Globe and Mail
Dwight Newman is a senior fellow at the Macdonald-Laurier Institute and Canada Research Chair in Indigenous rights at the University of Saskatchewan.
Recent reports that a number of First Nations plan to challenge the Liberals’ oil-tanker ban off the coast of northern British Columbia open a new front in relations with the federal government.
Contrary to frequent perceptions, many First Nations are proponents of resource development, so long as it is done responsibly. And the Liberal tanker ban disrupts a major aboriginal-led business project – the proposed $14-billion Eagle Spirit Energy pipeline from Fort McMurray, Alta., through northern British Columbia to the coast.
Although there is some controversy on the exact level of support from each community, the Eagle Spirit Energy project claims the backing of the chiefs of every First Nation along the route, many of whom vastly prefer a pipeline to rail transport of oil products.
The project is a potential game-changer in terms of how governments and courts need to think about aboriginal rights claims.
Arguments grounded in the duty to consult or in the underlying aboriginal and treaty rights have typically been used to resist the development of projects that could have adverse effects on aboriginal lands and traditional practices.
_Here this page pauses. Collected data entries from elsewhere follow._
(* Let $p$ be an odd prime. Then $$\Psi^w_{\mathbb{Z}_p}(x)=\frac{2}{p-1}\sum_{d\mid\frac{p-1}{2}}\phi\!\left(\frac{p-1}{2d}\right)\left(\left(1+x^{\frac{p-1}{d}}\right)^{d}-1\right),$$ and hence $$\mathcal{E}^w(\mathbb{Z}_p)=\Psi^w_{\mathbb{Z}_p}(1)=\frac{2}{p-1}\sum_{d\mid\frac{p-1}{2}}\phi\!\left(\frac{p-1}{2d}\right)\left(2^d-1\right).$$
   Context: $\phi$ is Euler's totient function. For a finite group $\mathcal{A}$ with identity $e$, let $G(\mathcal{A})=\{\Omega\subseteq\mathcal{A}:\Omega^{-1}=\Omega,\ \langle\Omega\rangle=\mathcal{A},\ e\notin\Omega\}$. $\mathrm{Aut}(\mathcal{A})$ acts on $G(\mathcal{A})$ by $\alpha\cdot\Omega=\alpha(\Omega)$. For $k\ge1$ let $a^w_k(\mathcal{A})$ be the number of orbits of $\mathrm{Aut}(\mathcal{A})$ on $\{\Omega\in G(\mathcal{A}):|\Omega|=k\}$ (the number of weak equivalence classes of Cayley graphs $C(\mathcal{A},\Omega)$ of degree $k$); $\Psi^w_{\mathcal{A}}(x)=\sum_{k=1}^{|\mathcal{A}|-1}a^w_k(\mathcal{A})x^k$ and $\mathcal{E}^w(\mathcal{A})=\Psi^w_{\mathcal{A}}(1)$. *)

theory Defs
  imports "HOL-Algebra.Algebra" "HOL-Number_Theory.Number_Theory"
begin

definition cayley_sets :: "('a, 'b) monoid_scheme \<Rightarrow> 'a set set" where
  "cayley_sets G = {S. S \<subseteq> carrier G \<and> (\<lambda>x. inv\<^bsub>G\<^esub> x) ` S = S \<and>
      generate G S = carrier G \<and> \<one>\<^bsub>G\<^esub> \<notin> S}"

definition aut_orbit :: "('a, 'b) monoid_scheme \<Rightarrow> 'a set \<Rightarrow> 'a set set" where
  "aut_orbit G S = {f ` S | f. f \<in> iso G G}"

definition weak_count :: "('a, 'b) monoid_scheme \<Rightarrow> nat \<Rightarrow> nat" where
  "weak_count G k = card (aut_orbit G ` {S \<in> cayley_sets G. card S = k})"

definition Psi_w :: "('a, 'b) monoid_scheme \<Rightarrow> real \<Rightarrow> real" where
  "Psi_w G x = (\<Sum>k = 1..card (carrier G) - 1. real (weak_count G k) * x ^ k)"

definition E_w :: "('a, 'b) monoid_scheme \<Rightarrow> nat" where
  "E_w G = (\<Sum>k = 1..card (carrier G) - 1. weak_count G k)"

end

theory Submission
  imports Defs
begin

(* The Cayley sets of Z_p are the nonempty subsets of Z_p - {0} closed under negation, and
   Aut(Z_p) consists of the multiplications by units.  Taking discrete logarithms with
   respect to a primitive root g identifies the unit group with Z_(p-1): multiplication
   becomes rotation k |-> k + t (mod p - 1), and negation becomes rotation by (p-1)/2.
   Hence a^w_k(Z_p) counts the orbits of Z_n (n = p - 1) acting by rotation on the
   nonempty k-subsets of Z_n that are invariant under rotation by m = n/2. *)

definition rot :: "nat \<Rightarrow> nat \<Rightarrow> nat \<Rightarrow> nat" where
  "rot n t k = (k + t) mod n"

lemma rot_image_rot_image: "rot n s ` rot n t ` T = rot n ((t + s) mod n) ` T"
  by (simp add: image_image rot_def mod_add_left_eq mod_add_right_eq add.assoc)

lemma rot_images_commute: "rot n s ` rot n t ` T = rot n t ` rot n s ` T"
  by (simp add: rot_image_rot_image add.commute)

lemma rot_inj: "inj_on (rot n t) {..<n}"
proof
  fix x y assume "x \<in> {..<n}" "y \<in> {..<n}" "rot n t x = rot n t y"
  then have "[x + t = y + t] (mod n)" "x < n" "y < n" by (auto simp: rot_def cong_def)
  then have "[x = y] (mod n)" using cong_add_rcancel_nat by blast
  then show "x = y" using \<open>x < n\<close> \<open>y < n\<close> by (simp add: cong_def)
qed

lemma rot_image_subset: "n > 0 \<Longrightarrow> rot n t ` T \<subseteq> {..<n}"
  by (auto simp: rot_def)

lemma rot_zero_image: "T \<subseteq> {..<n} \<Longrightarrow> rot n 0 ` T = T"
  by (force simp: rot_def)

lemma card_rot_image: "T \<subseteq> {..<n} \<Longrightarrow> card (rot n t ` T) = card T"
  by (rule card_image) (meson inj_on_subset rot_inj)

lemma rot_image_eq_iff:
  "A \<subseteq> {..<n} \<Longrightarrow> B \<subseteq> {..<n} \<Longrightarrow> rot n t ` A = rot n t ` B \<longleftrightarrow> A = B"
  by (rule inj_on_image_eq_iff[OF rot_inj])

definition rot_fixed :: "nat \<Rightarrow> nat \<Rightarrow> nat set set" where
  "rot_fixed n t = {T. T \<subseteq> {..<n} \<and> rot n t ` T = T}"

definition rot_action :: "nat \<Rightarrow> nat set set \<Rightarrow> int \<Rightarrow> nat set \<Rightarrow> nat set" where
  "rot_action n Z t = (\<lambda>T\<in>Z. rot n (nat t) ` T)"

definition rot_closed :: "nat \<Rightarrow> nat set set \<Rightarrow> bool" where
  "rot_closed n Z \<longleftrightarrow> Z \<subseteq> Pow {..<n} \<and> (\<forall>T\<in>Z. \<forall>t<n. rot n t ` T \<in> Z)"

lemma rot_action_Bij:
  assumes "rot_closed n Z" "t \<in> {0..<int n}"
  shows "rot_action n Z t \<in> Bij Z"
proof -
  have "inj_on (rot_action n Z t) Z"
    using assms(1) rot_image_eq_iff[of _ n _ "nat t"]
    by (auto simp: rot_closed_def rot_action_def inj_on_def)
  moreover have "rot_action n Z t ` Z = Z"
  proof
    show "rot_action n Z t ` Z \<subseteq> Z"
      using assms by (auto simp: rot_closed_def rot_action_def)
    show "Z \<subseteq> rot_action n Z t ` Z"
    proof
      fix T assume T: "T \<in> Z"
      define u where "u = (n - nat t) mod n"
      have "nat t \<le> n" using assms(2) by (simp add: nat_le_iff)
      then have "(u + nat t) mod n = 0" by (simp add: u_def mod_add_left_eq)
      then have "rot n (nat t) ` rot n u ` T = T"
        using T assms(1) rot_zero_image[of T n] by (auto simp: rot_image_rot_image rot_closed_def)
      moreover have "rot n u ` T \<in> Z"
        using assms(1,2) T by (auto simp: rot_closed_def u_def)
      ultimately show "T \<in> rot_action n Z t ` Z"
        by (intro image_eqI[where x = "rot n u ` T"]) (simp_all add: rot_action_def)
    qed
  qed
  ultimately show ?thesis by (simp add: Bij_def bij_betw_def rot_action_def)
qed

lemma rot_group_action:
  assumes "n > 0" and "rot_closed n Z"
  shows "group_action (integer_mod_group n) Z (rot_action n Z)"
proof -
  have carrier: "carrier (integer_mod_group n) = {0..<int n}"
    using assms(1) by (simp add: carrier_integer_mod_group)
  have hom: "rot_action n Z ((s + t) mod int n) = compose Z (rot_action n Z s) (rot_action n Z t)"
    if "s \<in> {0..<int n}" "t \<in> {0..<int n}" for s t
  proof -
    have "nat ((s + t) mod int n) = (nat t + nat s) mod n"
      using that by (simp add: nat_mod_distrib nat_add_distrib add.commute)
    moreover have "rot n (nat t) ` T \<in> Z" if "T \<in> Z" for T
      using assms(2) that \<open>t \<in> {0..<int n}\<close> by (simp add: rot_closed_def nat_less_iff)
    ultimately show ?thesis
      unfolding rot_action_def compose_def by (intro restrict_ext) (simp add: rot_image_rot_image)
  qed
  show ?thesis
    unfolding group_action_def group_hom_def group_hom_axioms_def hom_def
    using rot_action_Bij[OF assms(2)] hom group_BijGroup[of Z] by (simp add: carrier BijGroup_def)
qed

definition rot_orbit :: "nat \<Rightarrow> nat set \<Rightarrow> nat set set" where
  "rot_orbit n T = {rot n t ` T | t. t < n}"

lemma rot_burnside:
  assumes "n > 0" and "rot_closed n Z"
  shows "card (rot_orbit n ` Z) * n = (\<Sum>t<n. card (Z \<inter> rot_fixed n t))"
proof -
  interpret group_action "integer_mod_group n" Z "rot_action n Z"
    using rot_group_action[OF assms] .
  have carrier: "carrier (integer_mod_group n) = int ` {..<n}"
    using assms(1) by (simp add: carrier_integer_mod_group lessThan_atLeast0 image_int_atLeastLessThan)
  have finite: "finite Z"
    using assms(2) by (auto simp: rot_closed_def intro: finite_subset)
  have "orbit (integer_mod_group n) (rot_action n Z) T = rot_orbit n T" if "T \<in> Z" for T
    using that by (auto simp: orbit_def rot_orbit_def rot_action_def carrier) (metis imageI lessThan_iff nat_int)
  then have "orbits (integer_mod_group n) Z (rot_action n Z) = rot_orbit n ` Z"
    by (auto simp: orbits_def)
  moreover have "order (integer_mod_group n) = n"
    by (simp add: order_def carrier card_image)
  moreover have "(\<Sum>g\<in>carrier (integer_mod_group n). card (invariants Z (rot_action n Z) g))
      = (\<Sum>t<n. card (Z \<inter> rot_fixed n t))"
  proof -
    have "invariants Z (rot_action n Z) (int t) = Z \<inter> rot_fixed n t" for t
      using assms(2) by (auto simp: invariants_def rot_action_def rot_fixed_def rot_closed_def)
    then show ?thesis by (simp add: carrier sum.reindex)
  qed
  ultimately show ?thesis
    using burnside[OF _ finite] carrier by simp
qed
What the potential new challenge raises – as did concerns expressed by the many aboriginal communities that were equity partners with Enbridge Inc. and wanted the Northern Gateway pipeline approved – is the prospect of communities putting forward rights claims that are oriented to development, rather than to stopping projects.
They may frame these claims directly in terms of an aboriginal right to economic development. Such a claim is untested, and it is still unclear how it would fare. Or they might argue based on a right to make decisions about aboriginal lands or traditional territories. They would simply argue that the decision they have made is to carry out resource development, with the federal and provincial governments now to get out of the way. That claim would use existing law, but turn it toward a new application.
At some point, these arguments will end up in the courts, either directly as rights claims or as claims that there ought to have been consultation on potential effects on such rights. And the very presence of these arguments will overturn the expectations of many who think they have liberal views but actually have ongoing paternalistic views that assume First Nations always need protection from development.
As these issues make their way forward, the legal questions will be to what extent the courts are ready to recognize rights that let First Nations move forward in modern, contemporary ways. Recognizing rights to traditional practices has offered certain protections to First Nations, but also tends to lock them into historical patterns.
The exciting but challenging part about these upcoming issues is that they call on the courts and governments to recognize aboriginal rights in ways that are dynamic and that find ways toward forward-looking reconciliation. There will be challenging choices on the ways to articulate the scope of these rights to find just relations between aboriginal communities and Canadians generally.
But if we can get the balances right, these sorts of rights claims offer the prospect of supporting modern Indigenous economies and of going far in getting more Indigenous communities more autonomy and more freedom from the Canadian state.
Although these sorts of claims have received only limited attention thus far, they are a key development to watch. They represent a real challenge to status quo assumptions. They will shake things up. But they may offer Canadian aboriginal communities some dynamic paths forward. And they may do a lot in terms of fostering longer-term reconciliation.